--- Source records ---

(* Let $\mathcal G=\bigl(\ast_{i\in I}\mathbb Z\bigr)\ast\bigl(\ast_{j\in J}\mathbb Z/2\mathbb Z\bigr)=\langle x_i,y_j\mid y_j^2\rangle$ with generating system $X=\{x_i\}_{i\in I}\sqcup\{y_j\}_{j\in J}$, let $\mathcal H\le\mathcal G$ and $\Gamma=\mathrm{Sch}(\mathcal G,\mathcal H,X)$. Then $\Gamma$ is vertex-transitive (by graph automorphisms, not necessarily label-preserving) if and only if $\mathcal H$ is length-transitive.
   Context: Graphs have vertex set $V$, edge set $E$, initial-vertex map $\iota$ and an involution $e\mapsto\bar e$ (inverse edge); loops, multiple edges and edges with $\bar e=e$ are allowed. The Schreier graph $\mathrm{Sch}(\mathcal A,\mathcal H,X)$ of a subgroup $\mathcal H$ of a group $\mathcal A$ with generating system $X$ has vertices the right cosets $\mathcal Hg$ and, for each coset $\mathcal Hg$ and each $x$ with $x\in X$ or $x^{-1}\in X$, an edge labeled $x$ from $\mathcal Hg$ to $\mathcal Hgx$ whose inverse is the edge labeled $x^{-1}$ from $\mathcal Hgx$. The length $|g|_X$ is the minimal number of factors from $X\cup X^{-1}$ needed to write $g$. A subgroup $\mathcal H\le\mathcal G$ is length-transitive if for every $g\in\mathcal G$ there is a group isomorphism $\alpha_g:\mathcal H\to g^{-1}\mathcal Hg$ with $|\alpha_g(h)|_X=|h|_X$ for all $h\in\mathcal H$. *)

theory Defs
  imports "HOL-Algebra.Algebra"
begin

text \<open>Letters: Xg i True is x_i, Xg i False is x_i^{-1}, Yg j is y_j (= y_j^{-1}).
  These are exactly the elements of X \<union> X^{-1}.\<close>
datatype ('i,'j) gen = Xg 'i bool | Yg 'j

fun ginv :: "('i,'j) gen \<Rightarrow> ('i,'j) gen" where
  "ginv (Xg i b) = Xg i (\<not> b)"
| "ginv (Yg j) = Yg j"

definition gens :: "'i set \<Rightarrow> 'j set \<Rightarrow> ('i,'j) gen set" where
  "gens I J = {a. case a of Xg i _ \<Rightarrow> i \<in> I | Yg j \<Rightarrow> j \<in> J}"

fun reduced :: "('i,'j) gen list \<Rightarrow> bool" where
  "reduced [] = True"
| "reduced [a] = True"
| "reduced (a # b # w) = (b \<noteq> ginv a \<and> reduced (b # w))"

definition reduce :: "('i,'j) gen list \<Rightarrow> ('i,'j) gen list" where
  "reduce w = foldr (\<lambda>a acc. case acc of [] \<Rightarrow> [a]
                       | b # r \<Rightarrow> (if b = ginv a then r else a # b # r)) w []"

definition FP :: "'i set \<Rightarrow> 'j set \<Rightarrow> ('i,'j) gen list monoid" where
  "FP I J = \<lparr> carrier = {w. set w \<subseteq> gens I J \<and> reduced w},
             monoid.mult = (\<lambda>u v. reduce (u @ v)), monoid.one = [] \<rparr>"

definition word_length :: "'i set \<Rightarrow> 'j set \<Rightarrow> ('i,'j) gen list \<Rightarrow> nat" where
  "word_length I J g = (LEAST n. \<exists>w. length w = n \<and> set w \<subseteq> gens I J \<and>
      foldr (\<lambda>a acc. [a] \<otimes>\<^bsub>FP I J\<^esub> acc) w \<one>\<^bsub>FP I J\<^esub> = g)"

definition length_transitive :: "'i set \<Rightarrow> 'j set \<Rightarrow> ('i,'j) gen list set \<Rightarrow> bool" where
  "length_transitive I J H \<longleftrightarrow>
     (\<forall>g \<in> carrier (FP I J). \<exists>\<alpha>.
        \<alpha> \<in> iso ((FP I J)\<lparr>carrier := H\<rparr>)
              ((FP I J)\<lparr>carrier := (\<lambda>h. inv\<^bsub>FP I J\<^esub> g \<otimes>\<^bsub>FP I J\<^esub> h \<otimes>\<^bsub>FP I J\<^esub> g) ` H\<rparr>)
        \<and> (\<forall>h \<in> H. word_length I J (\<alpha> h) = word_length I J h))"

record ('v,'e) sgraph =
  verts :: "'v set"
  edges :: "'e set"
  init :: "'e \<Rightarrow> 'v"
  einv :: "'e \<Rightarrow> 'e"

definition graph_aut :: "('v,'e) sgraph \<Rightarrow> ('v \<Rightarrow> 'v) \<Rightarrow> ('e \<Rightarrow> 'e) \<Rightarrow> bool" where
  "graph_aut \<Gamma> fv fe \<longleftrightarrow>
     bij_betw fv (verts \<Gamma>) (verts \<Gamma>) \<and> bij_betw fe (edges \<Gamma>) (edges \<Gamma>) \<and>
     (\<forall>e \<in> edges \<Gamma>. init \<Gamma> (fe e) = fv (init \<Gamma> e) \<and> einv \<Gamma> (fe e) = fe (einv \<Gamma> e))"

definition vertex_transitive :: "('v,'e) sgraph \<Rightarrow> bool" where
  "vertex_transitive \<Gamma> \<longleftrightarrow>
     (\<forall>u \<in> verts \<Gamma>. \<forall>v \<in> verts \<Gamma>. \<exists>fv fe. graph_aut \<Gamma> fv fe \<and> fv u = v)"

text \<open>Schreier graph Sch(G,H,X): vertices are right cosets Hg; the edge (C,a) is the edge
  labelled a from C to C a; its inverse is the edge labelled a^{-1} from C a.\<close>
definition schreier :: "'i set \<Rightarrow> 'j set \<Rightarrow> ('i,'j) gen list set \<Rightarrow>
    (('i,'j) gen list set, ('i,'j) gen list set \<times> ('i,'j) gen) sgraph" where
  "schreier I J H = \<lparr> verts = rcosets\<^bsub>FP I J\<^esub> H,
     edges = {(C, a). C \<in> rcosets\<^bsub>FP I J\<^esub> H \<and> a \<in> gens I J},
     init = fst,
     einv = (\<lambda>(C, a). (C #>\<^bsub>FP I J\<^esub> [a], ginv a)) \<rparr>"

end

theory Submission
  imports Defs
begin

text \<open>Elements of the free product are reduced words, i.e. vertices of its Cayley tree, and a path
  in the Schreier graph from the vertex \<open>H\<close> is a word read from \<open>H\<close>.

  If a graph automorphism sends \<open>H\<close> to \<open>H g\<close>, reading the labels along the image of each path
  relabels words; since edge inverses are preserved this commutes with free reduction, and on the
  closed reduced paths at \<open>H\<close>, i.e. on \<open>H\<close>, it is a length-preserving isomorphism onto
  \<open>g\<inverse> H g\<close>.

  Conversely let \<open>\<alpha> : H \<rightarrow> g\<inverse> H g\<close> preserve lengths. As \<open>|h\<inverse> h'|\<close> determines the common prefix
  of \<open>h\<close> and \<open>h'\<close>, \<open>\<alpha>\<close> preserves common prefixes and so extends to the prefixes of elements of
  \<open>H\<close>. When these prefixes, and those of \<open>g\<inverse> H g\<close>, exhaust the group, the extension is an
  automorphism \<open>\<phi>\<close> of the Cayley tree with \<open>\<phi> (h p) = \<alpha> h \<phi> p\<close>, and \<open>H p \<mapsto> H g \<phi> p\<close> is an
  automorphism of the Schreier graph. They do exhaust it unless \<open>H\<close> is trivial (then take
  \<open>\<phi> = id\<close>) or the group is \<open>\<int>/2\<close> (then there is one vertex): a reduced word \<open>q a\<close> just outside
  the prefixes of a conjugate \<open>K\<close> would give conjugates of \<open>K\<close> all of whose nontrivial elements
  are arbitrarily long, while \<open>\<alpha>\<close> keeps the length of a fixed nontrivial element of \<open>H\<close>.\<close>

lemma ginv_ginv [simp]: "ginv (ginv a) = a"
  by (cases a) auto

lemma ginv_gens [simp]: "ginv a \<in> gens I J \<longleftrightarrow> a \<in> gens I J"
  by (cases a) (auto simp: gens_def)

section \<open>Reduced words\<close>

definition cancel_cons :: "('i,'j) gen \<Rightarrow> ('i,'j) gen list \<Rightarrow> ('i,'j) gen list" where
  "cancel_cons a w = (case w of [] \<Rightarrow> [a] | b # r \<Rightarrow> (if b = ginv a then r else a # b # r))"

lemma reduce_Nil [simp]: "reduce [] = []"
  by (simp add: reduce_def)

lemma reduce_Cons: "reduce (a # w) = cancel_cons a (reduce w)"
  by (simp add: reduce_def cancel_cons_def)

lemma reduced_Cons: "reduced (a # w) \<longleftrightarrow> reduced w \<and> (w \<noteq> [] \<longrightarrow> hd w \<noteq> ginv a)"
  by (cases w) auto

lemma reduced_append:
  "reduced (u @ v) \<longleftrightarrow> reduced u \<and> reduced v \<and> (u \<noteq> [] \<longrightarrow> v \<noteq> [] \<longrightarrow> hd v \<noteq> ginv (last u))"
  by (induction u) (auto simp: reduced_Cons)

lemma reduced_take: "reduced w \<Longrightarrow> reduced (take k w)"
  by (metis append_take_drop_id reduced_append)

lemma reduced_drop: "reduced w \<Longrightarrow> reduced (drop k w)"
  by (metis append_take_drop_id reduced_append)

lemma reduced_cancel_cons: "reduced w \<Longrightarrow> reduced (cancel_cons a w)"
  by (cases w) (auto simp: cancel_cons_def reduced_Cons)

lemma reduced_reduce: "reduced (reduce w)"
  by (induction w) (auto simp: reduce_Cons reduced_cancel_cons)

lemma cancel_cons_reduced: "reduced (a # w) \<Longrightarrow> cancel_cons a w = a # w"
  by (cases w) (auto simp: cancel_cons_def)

---
--- Source records ---

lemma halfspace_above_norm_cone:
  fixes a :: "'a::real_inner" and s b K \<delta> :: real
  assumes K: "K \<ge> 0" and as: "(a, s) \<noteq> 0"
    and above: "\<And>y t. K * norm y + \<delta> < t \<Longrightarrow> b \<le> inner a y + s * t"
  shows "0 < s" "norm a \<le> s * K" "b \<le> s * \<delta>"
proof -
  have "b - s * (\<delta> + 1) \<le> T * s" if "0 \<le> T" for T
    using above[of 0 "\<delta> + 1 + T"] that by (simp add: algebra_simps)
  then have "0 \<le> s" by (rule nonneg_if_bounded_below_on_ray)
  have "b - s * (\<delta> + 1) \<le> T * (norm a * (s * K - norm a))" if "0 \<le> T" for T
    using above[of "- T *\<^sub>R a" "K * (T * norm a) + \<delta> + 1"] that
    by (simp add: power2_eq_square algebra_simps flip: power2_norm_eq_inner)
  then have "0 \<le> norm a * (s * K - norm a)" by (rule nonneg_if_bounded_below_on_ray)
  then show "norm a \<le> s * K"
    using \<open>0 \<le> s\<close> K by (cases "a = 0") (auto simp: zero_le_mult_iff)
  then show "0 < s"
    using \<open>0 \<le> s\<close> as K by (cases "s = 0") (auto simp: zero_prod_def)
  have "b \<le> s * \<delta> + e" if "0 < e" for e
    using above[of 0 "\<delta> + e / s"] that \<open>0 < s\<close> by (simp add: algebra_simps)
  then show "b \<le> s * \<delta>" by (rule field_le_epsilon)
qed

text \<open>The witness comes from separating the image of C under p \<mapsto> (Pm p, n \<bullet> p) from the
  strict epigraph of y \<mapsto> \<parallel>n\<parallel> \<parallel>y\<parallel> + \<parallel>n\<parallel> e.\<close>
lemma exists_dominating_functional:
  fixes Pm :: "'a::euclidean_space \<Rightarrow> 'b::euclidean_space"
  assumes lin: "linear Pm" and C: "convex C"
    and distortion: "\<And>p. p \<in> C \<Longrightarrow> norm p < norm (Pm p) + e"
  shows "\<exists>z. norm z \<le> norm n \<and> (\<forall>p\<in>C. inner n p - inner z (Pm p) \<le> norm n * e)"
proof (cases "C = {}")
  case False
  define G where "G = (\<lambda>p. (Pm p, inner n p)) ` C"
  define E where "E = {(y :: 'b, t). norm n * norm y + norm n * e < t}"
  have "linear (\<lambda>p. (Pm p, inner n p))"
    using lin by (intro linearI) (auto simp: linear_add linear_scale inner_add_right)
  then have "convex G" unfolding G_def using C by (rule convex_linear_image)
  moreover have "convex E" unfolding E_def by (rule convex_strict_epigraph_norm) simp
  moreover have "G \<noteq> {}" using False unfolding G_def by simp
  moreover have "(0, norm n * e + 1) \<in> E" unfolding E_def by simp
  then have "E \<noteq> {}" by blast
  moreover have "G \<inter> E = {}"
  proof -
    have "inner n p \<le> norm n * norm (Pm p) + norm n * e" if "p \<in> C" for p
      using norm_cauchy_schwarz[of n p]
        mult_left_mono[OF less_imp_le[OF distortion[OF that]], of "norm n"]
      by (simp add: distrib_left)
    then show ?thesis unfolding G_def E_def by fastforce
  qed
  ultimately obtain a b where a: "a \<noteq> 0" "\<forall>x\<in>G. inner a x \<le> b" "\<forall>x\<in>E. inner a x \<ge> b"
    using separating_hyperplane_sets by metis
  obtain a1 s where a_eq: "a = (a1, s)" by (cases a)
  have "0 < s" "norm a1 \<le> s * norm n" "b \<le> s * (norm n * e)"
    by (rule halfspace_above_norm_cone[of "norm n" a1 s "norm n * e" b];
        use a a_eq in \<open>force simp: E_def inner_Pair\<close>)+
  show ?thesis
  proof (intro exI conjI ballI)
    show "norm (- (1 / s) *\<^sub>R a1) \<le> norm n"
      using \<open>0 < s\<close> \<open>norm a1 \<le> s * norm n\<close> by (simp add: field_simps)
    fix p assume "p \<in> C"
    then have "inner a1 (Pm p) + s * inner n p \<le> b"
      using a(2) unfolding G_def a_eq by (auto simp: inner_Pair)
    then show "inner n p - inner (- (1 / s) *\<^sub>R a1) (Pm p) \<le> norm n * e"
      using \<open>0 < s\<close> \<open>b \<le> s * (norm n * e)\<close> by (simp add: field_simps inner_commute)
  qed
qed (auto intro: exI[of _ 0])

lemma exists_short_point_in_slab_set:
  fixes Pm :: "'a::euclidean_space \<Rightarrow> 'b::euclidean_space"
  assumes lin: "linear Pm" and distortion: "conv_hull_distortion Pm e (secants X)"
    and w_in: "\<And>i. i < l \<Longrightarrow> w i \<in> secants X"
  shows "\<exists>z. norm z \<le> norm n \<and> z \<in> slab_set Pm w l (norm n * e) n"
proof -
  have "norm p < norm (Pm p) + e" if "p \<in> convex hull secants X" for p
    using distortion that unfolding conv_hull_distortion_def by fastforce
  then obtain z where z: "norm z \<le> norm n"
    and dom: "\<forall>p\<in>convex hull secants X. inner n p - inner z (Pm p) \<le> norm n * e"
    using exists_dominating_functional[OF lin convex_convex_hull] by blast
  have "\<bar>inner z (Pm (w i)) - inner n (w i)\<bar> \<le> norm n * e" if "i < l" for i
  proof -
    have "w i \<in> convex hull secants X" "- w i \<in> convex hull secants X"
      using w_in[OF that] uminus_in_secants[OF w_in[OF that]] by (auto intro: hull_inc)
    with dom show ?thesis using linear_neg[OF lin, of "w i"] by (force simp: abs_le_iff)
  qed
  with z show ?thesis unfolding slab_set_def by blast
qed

---

## [About this exercise]
Starting with the line above that holds "text \<open>Schreier graph" and stopping with the line that holds "If a graph automorphism", reproduce each line exactly, omitting all other lines.

## [Solution below]
text \<open>Schreier graph Sch(G,H,X): vertices are right cosets Hg; the edge (C,a) is the edge
  labelled a from C to C a; its inverse is the edge labelled a^{-1} from C a.\<close>
definition schreier :: "'i set \<Rightarrow> 'j set \<Rightarrow> ('i,'j) gen list set \<Rightarrow>
    (('i,'j) gen list set, ('i,'j) gen list set \<times> ('i,'j) gen) sgraph" where
  "schreier I J H = \<lparr> verts = rcosets\<^bsub>FP I J\<^esub> H,
     edges = {(C, a). C \<in> rcosets\<^bsub>FP I J\<^esub> H \<and> a \<in> gens I J},
     init = fst,
     einv = (\<lambda>(C, a). (C #>\<^bsub>FP I J\<^esub> [a], ginv a)) \<rparr>"

end

theory Submission
  imports Defs
begin

text \<open>Elements of the free product are reduced words, i.e. vertices of its Cayley tree, and a path
  in the Schreier graph from the vertex \<open>H\<close> is a word read from \<open>H\<close>.

  If a graph automorphism sends \<open>H\<close> to \<open>H g\<close>, reading the labels along the image of each path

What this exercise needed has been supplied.